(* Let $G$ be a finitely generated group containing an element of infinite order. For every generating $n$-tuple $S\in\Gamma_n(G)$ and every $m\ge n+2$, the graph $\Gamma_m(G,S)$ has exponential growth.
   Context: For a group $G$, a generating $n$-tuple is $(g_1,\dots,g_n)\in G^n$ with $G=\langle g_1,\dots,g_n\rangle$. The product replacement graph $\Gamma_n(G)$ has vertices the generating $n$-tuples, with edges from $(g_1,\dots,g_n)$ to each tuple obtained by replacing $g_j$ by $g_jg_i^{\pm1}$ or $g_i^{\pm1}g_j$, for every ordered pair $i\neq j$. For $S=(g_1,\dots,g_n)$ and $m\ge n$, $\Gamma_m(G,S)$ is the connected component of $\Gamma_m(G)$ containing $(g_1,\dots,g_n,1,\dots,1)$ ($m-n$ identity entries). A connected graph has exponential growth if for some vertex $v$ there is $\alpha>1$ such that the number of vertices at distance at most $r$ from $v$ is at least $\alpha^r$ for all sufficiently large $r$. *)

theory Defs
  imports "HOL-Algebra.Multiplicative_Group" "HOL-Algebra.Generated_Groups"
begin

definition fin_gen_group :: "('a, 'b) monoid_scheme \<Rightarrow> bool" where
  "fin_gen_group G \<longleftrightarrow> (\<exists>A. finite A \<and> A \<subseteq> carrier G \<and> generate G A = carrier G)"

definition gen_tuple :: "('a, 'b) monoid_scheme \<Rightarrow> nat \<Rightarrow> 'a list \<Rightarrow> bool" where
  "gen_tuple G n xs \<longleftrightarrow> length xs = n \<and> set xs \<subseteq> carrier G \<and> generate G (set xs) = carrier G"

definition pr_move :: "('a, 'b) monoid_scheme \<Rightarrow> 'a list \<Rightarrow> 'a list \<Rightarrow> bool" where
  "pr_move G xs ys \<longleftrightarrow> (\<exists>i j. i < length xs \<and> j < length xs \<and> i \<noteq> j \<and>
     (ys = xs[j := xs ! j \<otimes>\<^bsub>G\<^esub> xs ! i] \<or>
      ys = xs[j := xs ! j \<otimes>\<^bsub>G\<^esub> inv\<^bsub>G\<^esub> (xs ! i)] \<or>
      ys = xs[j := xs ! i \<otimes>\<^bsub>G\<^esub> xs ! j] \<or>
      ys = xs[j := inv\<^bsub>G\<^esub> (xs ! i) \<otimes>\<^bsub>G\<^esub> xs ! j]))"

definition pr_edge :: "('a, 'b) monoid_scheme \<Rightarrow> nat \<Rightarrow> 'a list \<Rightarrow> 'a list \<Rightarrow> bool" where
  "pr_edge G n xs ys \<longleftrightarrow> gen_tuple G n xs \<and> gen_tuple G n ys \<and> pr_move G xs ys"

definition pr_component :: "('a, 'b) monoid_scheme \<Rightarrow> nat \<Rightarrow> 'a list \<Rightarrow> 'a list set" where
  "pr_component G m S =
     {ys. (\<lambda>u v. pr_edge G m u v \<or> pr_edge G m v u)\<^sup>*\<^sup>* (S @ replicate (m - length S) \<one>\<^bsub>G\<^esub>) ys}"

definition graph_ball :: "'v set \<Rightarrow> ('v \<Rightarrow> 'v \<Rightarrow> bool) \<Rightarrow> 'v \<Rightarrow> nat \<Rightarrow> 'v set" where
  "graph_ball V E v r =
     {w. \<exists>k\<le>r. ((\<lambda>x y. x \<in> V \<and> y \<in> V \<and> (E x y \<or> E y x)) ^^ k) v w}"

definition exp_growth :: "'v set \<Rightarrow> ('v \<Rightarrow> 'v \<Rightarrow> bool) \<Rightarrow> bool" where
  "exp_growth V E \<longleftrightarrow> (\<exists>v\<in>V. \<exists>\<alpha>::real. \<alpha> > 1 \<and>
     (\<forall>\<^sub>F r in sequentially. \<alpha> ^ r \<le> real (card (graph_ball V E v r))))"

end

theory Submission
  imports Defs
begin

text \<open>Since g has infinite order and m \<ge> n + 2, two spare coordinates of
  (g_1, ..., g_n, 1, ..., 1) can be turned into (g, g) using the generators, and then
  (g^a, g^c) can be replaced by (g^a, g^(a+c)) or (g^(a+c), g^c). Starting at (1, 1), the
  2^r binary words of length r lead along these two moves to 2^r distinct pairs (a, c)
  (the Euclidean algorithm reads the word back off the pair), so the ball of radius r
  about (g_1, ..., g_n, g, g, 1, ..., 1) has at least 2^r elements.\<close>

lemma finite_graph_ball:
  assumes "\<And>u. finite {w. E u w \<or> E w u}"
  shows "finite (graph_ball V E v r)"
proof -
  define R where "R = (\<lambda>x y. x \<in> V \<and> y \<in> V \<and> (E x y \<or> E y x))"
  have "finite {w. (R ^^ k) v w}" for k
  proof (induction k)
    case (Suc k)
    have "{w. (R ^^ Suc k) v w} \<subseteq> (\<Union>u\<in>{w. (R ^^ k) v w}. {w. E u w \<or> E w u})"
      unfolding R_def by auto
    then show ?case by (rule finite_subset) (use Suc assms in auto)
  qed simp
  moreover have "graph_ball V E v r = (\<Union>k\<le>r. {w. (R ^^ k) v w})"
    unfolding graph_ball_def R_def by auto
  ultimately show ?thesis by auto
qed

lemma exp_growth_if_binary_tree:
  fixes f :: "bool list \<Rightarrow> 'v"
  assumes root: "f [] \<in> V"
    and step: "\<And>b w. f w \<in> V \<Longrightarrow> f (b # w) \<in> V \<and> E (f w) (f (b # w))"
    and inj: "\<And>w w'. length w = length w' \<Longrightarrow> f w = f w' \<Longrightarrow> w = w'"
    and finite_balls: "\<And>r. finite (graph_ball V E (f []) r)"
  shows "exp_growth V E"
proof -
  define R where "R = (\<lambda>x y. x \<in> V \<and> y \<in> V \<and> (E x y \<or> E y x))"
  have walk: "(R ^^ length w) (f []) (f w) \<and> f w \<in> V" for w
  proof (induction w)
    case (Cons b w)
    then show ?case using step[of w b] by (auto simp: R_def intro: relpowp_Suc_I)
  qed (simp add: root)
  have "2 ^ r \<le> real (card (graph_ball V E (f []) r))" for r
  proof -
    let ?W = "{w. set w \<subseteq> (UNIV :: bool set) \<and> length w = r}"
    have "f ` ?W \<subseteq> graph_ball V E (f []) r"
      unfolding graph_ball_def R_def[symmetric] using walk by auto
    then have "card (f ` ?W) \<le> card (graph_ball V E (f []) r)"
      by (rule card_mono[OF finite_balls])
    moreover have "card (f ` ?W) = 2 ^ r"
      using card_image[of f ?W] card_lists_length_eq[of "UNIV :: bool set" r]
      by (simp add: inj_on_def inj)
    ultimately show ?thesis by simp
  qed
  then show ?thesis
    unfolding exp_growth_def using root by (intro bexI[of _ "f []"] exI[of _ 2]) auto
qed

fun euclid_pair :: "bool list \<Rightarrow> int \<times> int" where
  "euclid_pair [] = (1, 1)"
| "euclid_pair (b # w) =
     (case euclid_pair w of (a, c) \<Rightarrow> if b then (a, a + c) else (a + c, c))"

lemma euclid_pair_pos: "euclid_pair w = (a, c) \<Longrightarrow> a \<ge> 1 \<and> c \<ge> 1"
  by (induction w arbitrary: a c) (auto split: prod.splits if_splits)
--
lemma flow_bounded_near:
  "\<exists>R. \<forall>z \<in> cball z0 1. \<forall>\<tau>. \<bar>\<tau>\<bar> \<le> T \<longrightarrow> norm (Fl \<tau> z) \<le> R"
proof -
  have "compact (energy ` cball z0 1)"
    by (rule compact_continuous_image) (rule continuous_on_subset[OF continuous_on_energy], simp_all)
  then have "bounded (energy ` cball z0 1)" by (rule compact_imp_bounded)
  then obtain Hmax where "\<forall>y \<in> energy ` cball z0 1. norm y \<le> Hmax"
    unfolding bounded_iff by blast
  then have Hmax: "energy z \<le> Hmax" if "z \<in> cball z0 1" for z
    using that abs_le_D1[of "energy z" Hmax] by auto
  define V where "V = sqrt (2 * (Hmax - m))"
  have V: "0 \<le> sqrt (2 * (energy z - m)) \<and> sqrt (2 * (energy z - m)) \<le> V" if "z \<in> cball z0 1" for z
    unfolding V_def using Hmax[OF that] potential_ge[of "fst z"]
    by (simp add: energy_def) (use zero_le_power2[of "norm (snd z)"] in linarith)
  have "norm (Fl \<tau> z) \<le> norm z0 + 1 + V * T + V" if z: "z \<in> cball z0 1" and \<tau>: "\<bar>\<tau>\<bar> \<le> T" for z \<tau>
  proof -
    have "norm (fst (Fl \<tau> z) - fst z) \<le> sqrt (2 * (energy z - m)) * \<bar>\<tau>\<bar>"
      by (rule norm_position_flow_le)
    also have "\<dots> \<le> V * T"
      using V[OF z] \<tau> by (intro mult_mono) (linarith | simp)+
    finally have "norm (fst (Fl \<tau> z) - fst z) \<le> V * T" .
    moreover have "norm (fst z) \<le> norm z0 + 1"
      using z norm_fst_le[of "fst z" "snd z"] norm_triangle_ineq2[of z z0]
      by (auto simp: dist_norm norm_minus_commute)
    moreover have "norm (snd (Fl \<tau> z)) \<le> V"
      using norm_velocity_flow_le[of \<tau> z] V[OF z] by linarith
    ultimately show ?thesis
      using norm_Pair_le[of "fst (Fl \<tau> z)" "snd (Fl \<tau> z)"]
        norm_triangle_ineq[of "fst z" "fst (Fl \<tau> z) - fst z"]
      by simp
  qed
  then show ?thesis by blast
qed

- _TO DO_
Look above for the line holding "(a, c) \<Longrightarrow>" and the line holding "by (induction w". Retype both, and every line between them, word for word and nothing else.

- _SOLUTION FOR THIS TASK_
lemma euclid_pair_pos: "euclid_pair w = (a, c) \<Longrightarrow> a \<ge> 1 \<and> c \<ge> 1"
  by (induction w arbitrary: a c) (auto split: prod.splits if_splits)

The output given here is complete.